Sentiment also plays a role in market risk. If general confidence in the market falls, your investments are also likely to fall in value. Overall, market risk is an unavoidable part of investing.
Price risk
Price risk refers to the risk that the value of your investment will fall due to price fluctuations on the market. This can lead to losses. Spreading your investments can partially reduce this risk.
Interest rate risk
Interest rate risk describes the fact that the value of fixed-interest investments, such as bonds, changes due to changes in interest rates. When interest rates rise, bond prices typically fall. The longer the term of a bond, the greater the interest rate risk, as the effects of interest rate changes are more noticeable over a longer period of time. In addition, interest rate risk can also have indirect effects on other asset classes, such as equities, as rising interest rates can make borrowing more expensive for companies and thus affect their profits.
Credit risk
Credit risk refers to the risk that a borrower - be it a company, a state or another institution - is unable to fulfil its payment obligations. This can result in bondholders not receiving interest or, in the worst case, losing their investment entirely if the borrower becomes insolvent. Credit risk is particularly relevant for bonds, as investors are dependent on the ability of the borrower (so-called issuer/issuer of the bond) to make the agreed payments.
Market liquidity risk
Market liquidity risk describes the risk that an investor cannot sell his investments quickly enough or only at an unfavourable price if he wishes to do so.
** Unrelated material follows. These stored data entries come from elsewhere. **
lemma Rns_shat_le:
  assumes t: "t > 0" and d: "0 \<le> \<delta>" "\<delta> < 1"
  shows "Rns (shat t \<delta>) \<le> ereal (2/((1-\<delta>)*t))"
  unfolding Rns_def
proof (rule Sup_least, clarify)
  fix m :: nat and x :: "nat \<Rightarrow> real"
  assume m: "1 \<le> m" and inc: "\<forall>i\<in>{1..<m}. x i < x (Suc i)"
    and tw: "\<forall>i\<in>{1..m}. twice_diff_at (shat t \<delta>) (x i)"
  have off_kinks: "\<forall>i\<in>{1..m}. x i \<noteq> \<delta> - 1 \<and> x i \<noteq> 1 - \<delta>"
  proof
    fix i assume "i \<in> {1..m}"
    then have "shat t \<delta> differentiable (at (x i))"
      using tw unfolding twice_diff_at_def by blast
    then show "x i \<noteq> \<delta> - 1 \<and> x i \<noteq> 1 - \<delta>"
      using shat_not_differentiable_left_kink[OF assms] shat_not_differentiable_right_kink[OF assms]
      by metis
  qed
  define A where "A = -1/t"
  define B where "B = \<delta>/((1-\<delta>)*t)"
  have AB: "A \<le> B" using t d unfolding A_def B_def by (simp add: order.trans[of _ 0])
  have "(\<Sum>i\<in>{1..<m}. \<bar>deriv (shat t \<delta>) (x (Suc i)) - deriv (shat t \<delta>) (x i)\<bar>)
      \<le> (if x m \<le> \<delta> - 1 then 0 else if x m < 1 - \<delta> then B - A else 2*(B - A))
       - (if x 1 \<le> \<delta> - 1 then 0 else if x 1 < 1 - \<delta> then B - A else 2*(B - A))"
    using sum_variation_step_function_le[of "\<delta> - 1" "1 - \<delta>" A B, OF _ AB _ m inc off_kinks]
      deriv_shat[OF assms] d unfolding A_def B_def by simp
  also have "\<dots> \<le> 2*(B - A)" using AB by auto
  also have "2*(B - A) = 2/((1-\<delta>)*t)" using t d unfolding A_def B_def by (simp add: field_simps)
  finally show "ereal (\<Sum>i\<in>{1..<m}. \<bar>deriv (shat t \<delta>) (x (Suc i)) - deriv (shat t \<delta>) (x i)\<bar>)
      \<le> ereal (2/((1-\<delta>)*t))" by simp
qed

section \<open>Non-smoothness of admissible functions\<close>

lemma min_slope_le_chord:
  fixes g :: "real \<Rightarrow> real"
  assumes "a < c" "c < b"
  shows "min ((g c - g a)/(c - a)) ((g b - g c)/(b - c)) \<le> (g b - g a)/(b - a)"
proof -
  define m where "m = min ((g c - g a)/(c - a)) ((g b - g c)/(b - c))"
  have "m \<le> (g c - g a)/(c - a)" "m \<le> (g b - g c)/(b - c)" by (simp_all add: m_def)
  then have "(c - a) * m \<le> g c - g a" "(b - c) * m \<le> g b - g c"
    using assms by (simp_all add: pos_le_divide_eq mult.commute)
  moreover have "(b - a) * m = (c - a) * m + (b - c) * m" by (simp add: algebra_simps)
  ultimately have "(b - a) * m \<le> g b - g a" by linarith
  then show ?thesis using assms unfolding m_def[symmetric] by (simp add: pos_le_divide_eq mult.commute)
qed

lemma mvt_deriv_le_slope:
  fixes g :: "real \<Rightarrow> real"
  assumes "finite N" "a < b" "continuous_on {a..b} g"
    and "\<And>x. x \<in> {a<..<b} - N \<Longrightarrow> g differentiable (at x)"
  shows "\<exists>x\<in>{a<..<b} - N. deriv g x \<le> (g b - g a)/(b - a)"
  using assms
proof (induction N arbitrary: a b rule: finite_induct)
  case empty
  then obtain l z where "a < z" "z < b" "DERIV g z :> l" "g b - g a = (b - a) * l"
    using MVT[of a b g] by auto
  then show ?case by (intro bexI[of _ z]) (auto simp: DERIV_imp_deriv)
next
  case (insert c N)
  show ?case
  proof (cases "c \<in> {a<..<b}")
    case False
    then have "{a<..<b} - insert c N = {a<..<b} - N" by auto
    with insert show ?thesis by simp
  next
    case True
    have "continuous_on {a..c} g" "continuous_on {c..b} g"
      using insert.prems(2) True by (auto elim: continuous_on_subset)
    moreover have "\<And>x. x \<in> {a<..<c} - N \<Longrightarrow> g differentiable (at x)"
      "\<And>x. x \<in> {c<..<b} - N \<Longrightarrow> g differentiable (at x)"
      using insert.prems(3) True by auto
    ultimately obtain x1 x2 where
      x1: "x1 \<in> {a<..<c} - N" "deriv g x1 \<le> (g c - g a)/(c - a)" and
      x2: "x2 \<in> {c<..<b} - N" "deriv g x2 \<le> (g b - g c)/(b - c)"
      using insert.IH[of a c] insert.IH[of c b] True by auto
    have "x1 \<in> {a<..<b} - insert c N" "x2 \<in> {a<..<b} - insert c N" using x1(1) x2(1) True by auto
    moreover consider "deriv g x1 \<le> (g b - g a)/(b - a)" | "deriv g x2 \<le> (g b - g a)/(b - a)"
      using min_slope_le_chord[of a c b g] True x1(2) x2(2) by (auto simp: min_def split: if_splits)
    ultimately show ?thesis by cases blast+
  qed
qed
lemma nonincreasing_after_dip:
  fixes f f' :: "real \<Rightarrow> real"
  assumes "f 0 = 0"
    and deriv: "\<And>x. 0 \<le> x \<Longrightarrow> (f has_real_derivative f' x) (at x)"
    and crossing: "\<And>x y. 0 \<le> x \<Longrightarrow> x \<le> y \<Longrightarrow> f' x < 0 \<Longrightarrow> f' y \<le> 0"
    and "0 \<le> x" "x \<le> y" "f x < 0"
  shows "f y \<le> f x"
proof -
  have "0 < x" using assms by (cases "x = 0") auto
  then obtain \<xi> where \<xi>: "0 < \<xi>" "\<xi> < x" "f x - f 0 = (x - 0) * f' \<xi>"
    using MVT2[of 0 x f f'] deriv by auto
  then have "f' \<xi> < 0"
    using \<open>f 0 = 0\<close> \<open>f x < 0\<close> \<open>0 < x\<close> by (simp add: mult_less_0_iff)
  show ?thesis
  proof (rule DERIV_nonpos_imp_nonincreasing[OF \<open>x \<le> y\<close>])
    fix z assume "x \<le> z" "z \<le> y"
    then have "f' z \<le> 0"
      using \<xi> \<open>f' \<xi> < 0\<close> by (intro crossing[of \<xi>]) auto
    then show "\<exists>d. (f has_real_derivative d) (at z) \<and> d \<le> 0"
      using deriv[of z] \<open>0 \<le> x\<close> \<open>x \<le> z\<close> by auto
  qed
qed

lemma nonneg_if_deriv_crosses_once:
  fixes f f' :: "real \<Rightarrow> real"
  assumes "f 0 = 0" and lim: "(f \<longlongrightarrow> 0) at_top"
    and deriv: "\<And>x. 0 \<le> x \<Longrightarrow> (f has_real_derivative f' x) (at x)"
    and crossing: "\<And>x y. 0 \<le> x \<Longrightarrow> x \<le> y \<Longrightarrow> f' x < 0 \<Longrightarrow> f' y \<le> 0"
    and "0 \<le> x"
  shows "0 \<le> f x"
proof (rule ccontr)
  assume "\<not> 0 \<le> f x"
  then have "\<forall>\<^sub>F y in at_top. f y \<le> f x"
    using nonincreasing_after_dip[OF \<open>f 0 = 0\<close> deriv crossing \<open>0 \<le> x\<close>]
    by (intro eventually_at_top_linorderI[of x]) auto
  then have "0 \<le> f x"
    by (rule tendsto_upperbound[OF lim]) simp
  with \<open>\<not> 0 \<le> f x\<close> show False by simp
qed

lemma unique_max_of_deriv_sign:
  fixes f f' :: "real \<Rightarrow> real"
  assumes deriv: "\<And>x. (f has_real_derivative f' x) (at x)"
    and up: "\<And>x. 0 \<le> x \<Longrightarrow> x < z \<Longrightarrow> 0 < f' x"
    and down: "\<And>x. z < x \<Longrightarrow> f' x < 0"
    and "0 \<le> y" "y \<noteq> z"
  shows "f y < f z"
proof -
  have cont: "continuous_on A f" for A
    by (intro continuous_at_imp_continuous_on ballI DERIV_isCont[OF deriv])
  show ?thesis
  proof (cases "y < z")
    case True
    show ?thesis
    proof (rule DERIV_pos_imp_increasing_open[OF True _ cont])
      fix x assume "y < x" "x < z"
      then show "\<exists>d. (f has_real_derivative d) (at x) \<and> 0 < d"
        using deriv up \<open>0 \<le> y\<close> by (intro exI[of _ "f' x"]) auto
    qed
  next
    case False
    with \<open>y \<noteq> z\<close> have "z < y" by simp
    show ?thesis
      by (rule DERIV_neg_imp_decreasing_open[OF \<open>z < y\<close> _ cont]) (use deriv down in auto)
  qed
qed

section \<open>Bounds on the normal distribution function\<close>

lemma Phi_le_linear:
  assumes "0 \<le> x"
  shows "Phi x \<le> 1/2 + x / sqrt (2 * pi)"
proof -
  have "1/2 + 0 / sqrt (2 * pi) - Phi 0 \<le> 1/2 + x / sqrt (2 * pi) - Phi x"
  proof (rule DERIV_nonneg_imp_nondecreasing[OF assms])
    fix y
    show "\<exists>d. ((\<lambda>y. 1/2 + y / sqrt (2 * pi) - Phi y) has_real_derivative d) (at y) \<and> 0 \<le> d"
      using std_normal_density_le[of y]
      by (intro exI[of _ "1 / sqrt (2 * pi) - std_normal_density y"])
         (auto intro!: derivative_eq_intros Phi_has_real_derivative simp: field_simps)
  qed
  then show ?thesis by (simp add: Phi_0)
qed

lemma ln_gap_stays_negative:
  fixes c x y :: real
  assumes "0 < c" "0 \<le> x" "x \<le> y" "2 * ln (1 + 2 * x / c) < x\<^sup>2 / 2"
  shows "2 * ln (1 + 2 * y / c) < y\<^sup>2 / 2"
proof -
  define f where "f t = 2 * ln (1 + 2 * t / c) - t\<^sup>2 / 2" for t
  define f' where "f' t = 4 / (c + 2 * t) - t" for t
  have deriv: "(f has_real_derivative f' t) (at t)" if "0 \<le> t" for t
    unfolding f_def[abs_def] f'_def using \<open>0 < c\<close> that
    by (auto intro!: derivative_eq_intros simp: field_simps add_pos_nonneg)
  have "f' t \<le> f' s" if "0 \<le> s" "s \<le> t" for s t
  proof -
    have "4 / (c + 2 * t) \<le> 4 / (c + 2 * s)"
      using \<open>0 < c\<close> that by (intro divide_left_mono) auto
    with that show ?thesis by (simp add: f'_def)
  qed
  then have crossing: "f' t \<le> 0" if "0 \<le> s" "s \<le> t" "f' s < 0" for s t
    using that by fastforce
  have "f y \<le> f x"
    using assms by (intro nonincreasing_after_dip[of f f'] deriv crossing) (auto simp: f_def)
  with assms show ?thesis by (simp add: f_def)
qed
This risk often occurs when there are few buyers for a particular security, which can lead to a fall in price when the investor tries to sell it. Typical indicators of this are large differences between buy and sell prices (known as spreads) or very low trading volumes.
Currency risk
You are exposed to this risk if you invest in a currency that is not your home currency. The performance of your investment will be affected by fluctuations in exchange rates between different currencies. If you invest in a foreign currency and this currency loses value compared to your home currency, the actual return on the investment may fall.
First steps
The first steps as an investor are crucial to developing a sound and effective investment strategy. Think about what you want to achieve with your investments and what type of investor you are. Clear goals will help you to develop a suitable investment strategy. Determine how much risk you are prepared to take. This depends on your financial situation, your investment horizon and your personal risk appetite. Higher risk can potentially bring higher returns, but also harbours the risk of greater losses.
It is advisable never to invest money that you need now or to take positions that could cause financial difficulties. It may also make sense to only invest in products that you are familiar with.
Educate yourself about the different investment options and strategies. For example, use online seminars to develop a better understanding of the financial markets, strategies and different asset classes.